╭─ SUPPLIED ENTRIES

lemma temporal_paths_disjoint3:
  fixes A :: "('a \<times> 'a) set" and lam :: "'a \<times> 'a \<Rightarrow> nat set"
  defines "R \<equiv> temporally_reaches A lam"
  assumes paths: "temporal_path A lam vs1 ts1" "temporal_path A lam vs2 ts2" "temporal_path A lam vs3 ts3"
    and ends: "{hd vs1, last vs1} = {a0, a1}" "{hd vs2, last vs2} = {a2, a3}" "{hd vs3, last vs3} = {a4, a5}"
    and links: "\<And>u v. u \<in> {a0, a1} \<Longrightarrow> v \<in> {a2, a3} \<Longrightarrow> R u v \<or> R v u \<Longrightarrow> u = a1 \<and> v = a2"
      "\<And>u v. u \<in> {a2, a3} \<Longrightarrow> v \<in> {a4, a5} \<Longrightarrow> R u v \<or> R v u \<Longrightarrow> u = a3 \<and> v = a4"
      "\<And>u v. u \<in> {a4, a5} \<Longrightarrow> v \<in> {a0, a1} \<Longrightarrow> R u v \<or> R v u \<Longrightarrow> u = a5 \<and> v = a0"
  shows "set vs1 \<inter> set vs2 \<inter> set vs3 = {}"
proof (rule ccontr)
  txt \<open>A splice between two of the paths fixes the orientation of both; so all three are
    oriented alike, and then one of the two cyclic splices has no admissible endpoints.\<close>
  assume "set vs1 \<inter> set vs2 \<inter> set vs3 \<noteq> {}"
  then obtain x where x: "x \<in> set vs1" "x \<in> set vs2" "x \<in> set vs3" by blast
  have cross: "R (hd vs1) (last vs2) \<or> R (hd vs2) (last vs1)"
    "R (hd vs2) (last vs3) \<or> R (hd vs3) (last vs2)" "R (hd vs3) (last vs1) \<or> R (hd vs1) (last vs3)"
    "R (hd vs1) (last vs2) \<or> R (hd vs2) (last vs3) \<or> R (hd vs3) (last vs1)"
    "R (hd vs2) (last vs1) \<or> R (hd vs3) (last vs2) \<or> R (hd vs1) (last vs3)"
    unfolding R_def
    using temporal_paths_cross[OF paths(1,2) x(1,2)] temporal_paths_cross[OF paths(2,3) x(2,3)]
      temporal_paths_cross[OF paths(3,1) x(3,1)] temporal_paths_cross3[OF paths x]
      temporal_paths_cross3[OF paths(2,1,3) x(2,1,3)] by blast+
  have ne: "hd vs1 \<noteq> last vs1" "hd vs2 \<noteq> last vs2" "hd vs3 \<noteq> last vs3"
    using paths by (simp_all add: temporal_path_hd_neq_last)
  have orient: "(hd vs1 = a0 \<and> last vs1 = a1) \<or> (hd vs1 = a1 \<and> last vs1 = a0)"
    "(hd vs2 = a2 \<and> last vs2 = a3) \<or> (hd vs2 = a3 \<and> last vs2 = a2)"
    "(hd vs3 = a4 \<and> last vs3 = a5) \<or> (hd vs3 = a5 \<and> last vs3 = a4)"
    using ends by (simp_all add: doubleton_eq_iff)
  have "hd vs1 \<in> {a0, a1}" "last vs1 \<in> {a0, a1}" "hd vs2 \<in> {a2, a3}" "last vs2 \<in> {a2, a3}"
    "hd vs3 \<in> {a4, a5}" "last vs3 \<in> {a4, a5}"
    using ends by blast+
  then have forced: "R (hd vs1) (last vs2) \<Longrightarrow> hd vs1 = a1 \<and> last vs2 = a2"
    "R (hd vs2) (last vs1) \<Longrightarrow> hd vs2 = a2 \<and> last vs1 = a1"
    "R (hd vs2) (last vs3) \<Longrightarrow> hd vs2 = a3 \<and> last vs3 = a4"
    "R (hd vs3) (last vs2) \<Longrightarrow> hd vs3 = a4 \<and> last vs2 = a3"
    "R (hd vs3) (last vs1) \<Longrightarrow> hd vs3 = a5 \<and> last vs1 = a0"
    "R (hd vs1) (last vs3) \<Longrightarrow> hd vs1 = a0 \<and> last vs3 = a5"
    using links by blast+
  show False using orient ne forced cross by metis
qed

section \<open>Connecting sets in a forest\<close>

lemma und_adj_commute: "und_adj A u v \<longleftrightarrow> und_adj A v u"
  by (auto simp: und_adj_def)

lemma successively_und_adj_rev [simp]:
  "successively (und_adj A) (rev xs) \<longleftrightarrow> successively (und_adj A) xs"
  by (metis (no_types, lifting) successively_mono successively_rev und_adj_commute)

lemma successively_append_ConsD:
  "successively R (xs @ y # ys) \<Longrightarrow> successively R (xs @ [y]) \<and> successively R (y # ys)"
  by (auto simp: successively_append_iff)

lemma successively_remove_loop:
  "successively R (xs @ y # ys @ y # zs) \<Longrightarrow> successively R (xs @ y # zs)"
  by (auto simp: successively_append_iff successively_Cons)

text \<open>Consecutive vertices of a walk may coincide, so that walks sharing an endpoint
  concatenate to a walk.\<close>

definition und_walk :: "('a \<times> 'a) set \<Rightarrow> 'a set \<Rightarrow> 'a list \<Rightarrow> bool" where
  "und_walk A V W \<longleftrightarrow> W \<noteq> [] \<and> set W \<subseteq> V \<and> successively (\<lambda>u v. u = v \<or> und_adj A u v) W"

definition und_path :: "('a \<times> 'a) set \<Rightarrow> 'a set \<Rightarrow> 'a list \<Rightarrow> bool" where
  "und_path A V P \<longleftrightarrow> P \<noteq> [] \<and> set P \<subseteq> V \<and> distinct P \<and> successively (und_adj A) P"

definition und_connects :: "('a \<times> 'a) set \<Rightarrow> 'a set \<Rightarrow> 'a set \<Rightarrow> 'a \<Rightarrow> 'a \<Rightarrow> bool" where
  "und_connects A V S u v \<longleftrightarrow> (\<exists>W. und_walk A V W \<and> hd W = u \<and> last W = v \<and> set W \<subseteq> S)"

lemma und_walk_rev: "und_walk A V W \<Longrightarrow> und_walk A V (rev W)"
  unfolding und_walk_def by (auto simp: und_adj_commute elim: successively_mono)

lemma und_walk_append: "und_walk A V W \<Longrightarrow> und_walk A V W' \<Longrightarrow> last W = hd W' \<Longrightarrow> und_walk A V (W @ W')"
  unfolding und_walk_def by (auto simp: successively_append_iff)

lemma und_connects_commute: "und_connects A V S u v \<Longrightarrow> und_connects A V S v u"
  unfolding und_connects_def
proof (elim exE conjE)
  fix W assume "und_walk A V W" "hd W = u" "last W = v" "set W \<subseteq> S"
  then show "\<exists>W. und_walk A V W \<and> hd W = v \<and> last W = u \<and> set W \<subseteq> S"
    by (intro exI[of _ "rev W"]) (auto simp: und_walk_rev hd_rev last_rev)
qed

lemma und_connects_trans:
  "und_connects A V S u v \<Longrightarrow> und_connects A V T v w \<Longrightarrow> und_connects A V (S \<union> T) u w"
  unfolding und_connects_def
proof (elim exE conjE)
  fix W W' assume W: "und_walk A V W" "hd W = u" "last W = v" "set W \<subseteq> S"
    and W': "und_walk A V W'" "hd W' = v" "last W' = w" "set W' \<subseteq> T"
  then have "und_walk A V (W @ W')" by (simp add: und_walk_append)
  moreover have "W \<noteq> []" "W' \<noteq> []" using W W' by (simp_all add: und_walk_def)
  ultimately show "\<exists>W. und_walk A V W \<and> hd W = u \<and> last W = w \<and> set W \<subseteq> S \<union> T"
    using W W' by (intro exI[of _ "W @ W'"]) auto
qed

lemma und_walk_shortcut:
  "und_walk A V W \<Longrightarrow> \<exists>P. und_path A V P \<and> hd P = hd W \<and> last P = last W \<and> set P \<subseteq> set W"
proof (induction "length W" arbitrary: W rule: less_induct)
  case less
  show ?case
  proof (cases "distinct W")
    case True
    have "successively (\<lambda>u v. u = v \<or> und_adj A u v) W" using less.prems by (simp add: und_walk_def)
    with True have "successively (und_adj A) W"
      by (induction W) (auto simp: successively_Cons)
    then show ?thesis using True less.prems unfolding und_walk_def und_path_def by blast
  next
    case False
    then obtain xs y ys zs where W: "W = xs @ y # ys @ y # zs"
      using not_distinct_decomp by fastforce
    have "und_walk A V (xs @ y # zs)"
      using less.prems W by (auto simp: und_walk_def dest: successively_remove_loop)
    moreover have "hd (xs @ y # zs) = hd W" "last (xs @ y # zs) = last W" "set (xs @ y # zs) \<subseteq> set W"
      using W by (cases xs; auto)+
    moreover have "length (xs @ y # zs) < length W" using W by simp
    ultimately show ?thesis using less.hyps by (metis order_trans)
  qed
qed

lemma und_acyclicD:
  assumes "und_acyclic V A" "3 \<le> length cs" "distinct cs" "set cs \<subseteq> V"
    "successively (und_adj A) cs" "und_adj A (last cs) (hd cs)"
  shows False
  using assms unfolding und_acyclic_def successively_conv_nth by blast

lemma und_acyclic_no_fork:
  assumes acyclic: "und_acyclic V A"
    and P: "und_path A V (u # v # ps)" and P': "und_path A V (u # v' # ps')"
    and same_end: "last (v # ps) = last (v' # ps')"
  shows "v = v'"
proof (rule ccontr)
  assume "v \<noteq> v'"
  have "last (v' # ps') \<in> set (v # ps)" using same_end by (metis last_in_set list.distinct(1))
  then obtain ys y zs where Q: "v' # ps' = ys @ y # zs" and "y \<in> set (v # ps)"
    and ys: "\<forall>z\<in>set ys. z \<notin> set (v # ps)"
    using split_list_first_prop[of "v' # ps'" "\<lambda>z. z \<in> set (v # ps)"] last_in_set by blast
  then obtain as bs where Ps: "v # ps = as @ y # bs" using split_list by metis
  define cs where "cs = u # as @ y # rev ys"
  have "as \<noteq> [] \<or> ys \<noteq> []" using Ps Q \<open>v \<noteq> v'\<close> by (auto simp: Cons_eq_append_conv)
  then have "3 \<le> length cs" unfolding cs_def by (cases as; cases ys) auto
  moreover have "distinct cs" "set cs \<subseteq> V"
    using P P' ys unfolding cs_def und_path_def Ps Q by auto
  moreover have "successively (und_adj A) cs"
  proof -
    have "successively (und_adj A) (u # as @ [y])"
      using P successively_append_ConsD[of _ "u # as"] unfolding und_path_def Ps by auto
    moreover have "successively (und_adj A) (ys @ [y])"
      using P' successively_append_ConsD[of _ ys] unfolding und_path_def Q
      by (auto simp: successively_Cons)
    ultimately have "successively (und_adj A) ((u # as @ [y]) @ rev ys)"
      unfolding successively_append_iff[of _ "u # as @ [y]"]
      by (auto simp: successively_append_iff hd_rev und_adj_commute)
    then show ?thesis by (simp add: cs_def)
  qed
  moreover have "und_adj A (last cs) (hd cs)"
  proof -
    have "last cs = v'" using Q unfolding cs_def by (cases ys) (auto simp: last_rev)
    then show ?thesis using P' by (simp add: cs_def und_path_def und_adj_commute)
  qed
  ultimately show False using und_acyclicD[OF acyclic] by blast
qed

lemma und_path_tl: "und_path A V (u # v # ps) \<Longrightarrow> und_path A V (v # ps)"
  by (simp add: und_path_def)

lemma und_path_unique:
  assumes acyclic: "und_acyclic V A"
  shows "und_path A V P \<Longrightarrow> und_path A V P' \<Longrightarrow> hd P = hd P' \<Longrightarrow> last P = last P' \<Longrightarrow> P = P'"
proof (induction P arbitrary: P')
  case Nil
  then show ?case by (simp add: und_path_def)
next
  case (Cons u rest)
  then obtain rest' where P': "P' = u # rest'" by (cases P') (auto simp: und_path_def)
  show ?case
  proof (cases rest)
    case Nil
    then show ?thesis using Cons.prems P'
      by (cases rest') (auto simp: und_path_def split: if_splits)
  next
    case (Cons v ps)
    then obtain v' ps' where rest': "rest' = v' # ps'"
      using \<open>und_path A V (u # rest)\<close> \<open>last (u # rest) = last P'\<close> P'
      by (cases rest') (auto simp: und_path_def split: if_splits)
    have "v = v'"
      using und_acyclic_no_fork[OF acyclic] Cons.prems P' Cons rest' by simp
    moreover have "und_path A V rest" "und_path A V rest'"
      using Cons.prems P' Cons rest' und_path_tl by auto
    ultimately show ?thesis
      using Cons.IH[of rest'] Cons.prems(4) P' Cons rest' by simp
  qed
qed

lemma und_connects_path:
  "und_connects A V S u v \<Longrightarrow> \<exists>P. und_path A V P \<and> hd P = u \<and> last P = v \<and> set P \<subseteq> S"
  unfolding und_connects_def by (metis und_walk_shortcut order_trans)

╰─

Only the lines from the beginning of the material above through the line with "a1 \<and> v" are wanted; extract them exactly.

- **FINISHED EXERCISE**:
lemma temporal_paths_disjoint3:
  fixes A :: "('a \<times> 'a) set" and lam :: "'a \<times> 'a \<Rightarrow> nat set"
  defines "R \<equiv> temporally_reaches A lam"
  assumes paths: "temporal_path A lam vs1 ts1" "temporal_path A lam vs2 ts2" "temporal_path A lam vs3 ts3"
    and ends: "{hd vs1, last vs1} = {a0, a1}" "{hd vs2, last vs2} = {a2, a3}" "{hd vs3, last vs3} = {a4, a5}"
    and links: "\<And>u v. u \<in> {a0, a1} \<Longrightarrow> v \<in> {a2, a3} \<Longrightarrow> R u v \<or> R v u \<Longrightarrow> u = a1 \<and> v = a2"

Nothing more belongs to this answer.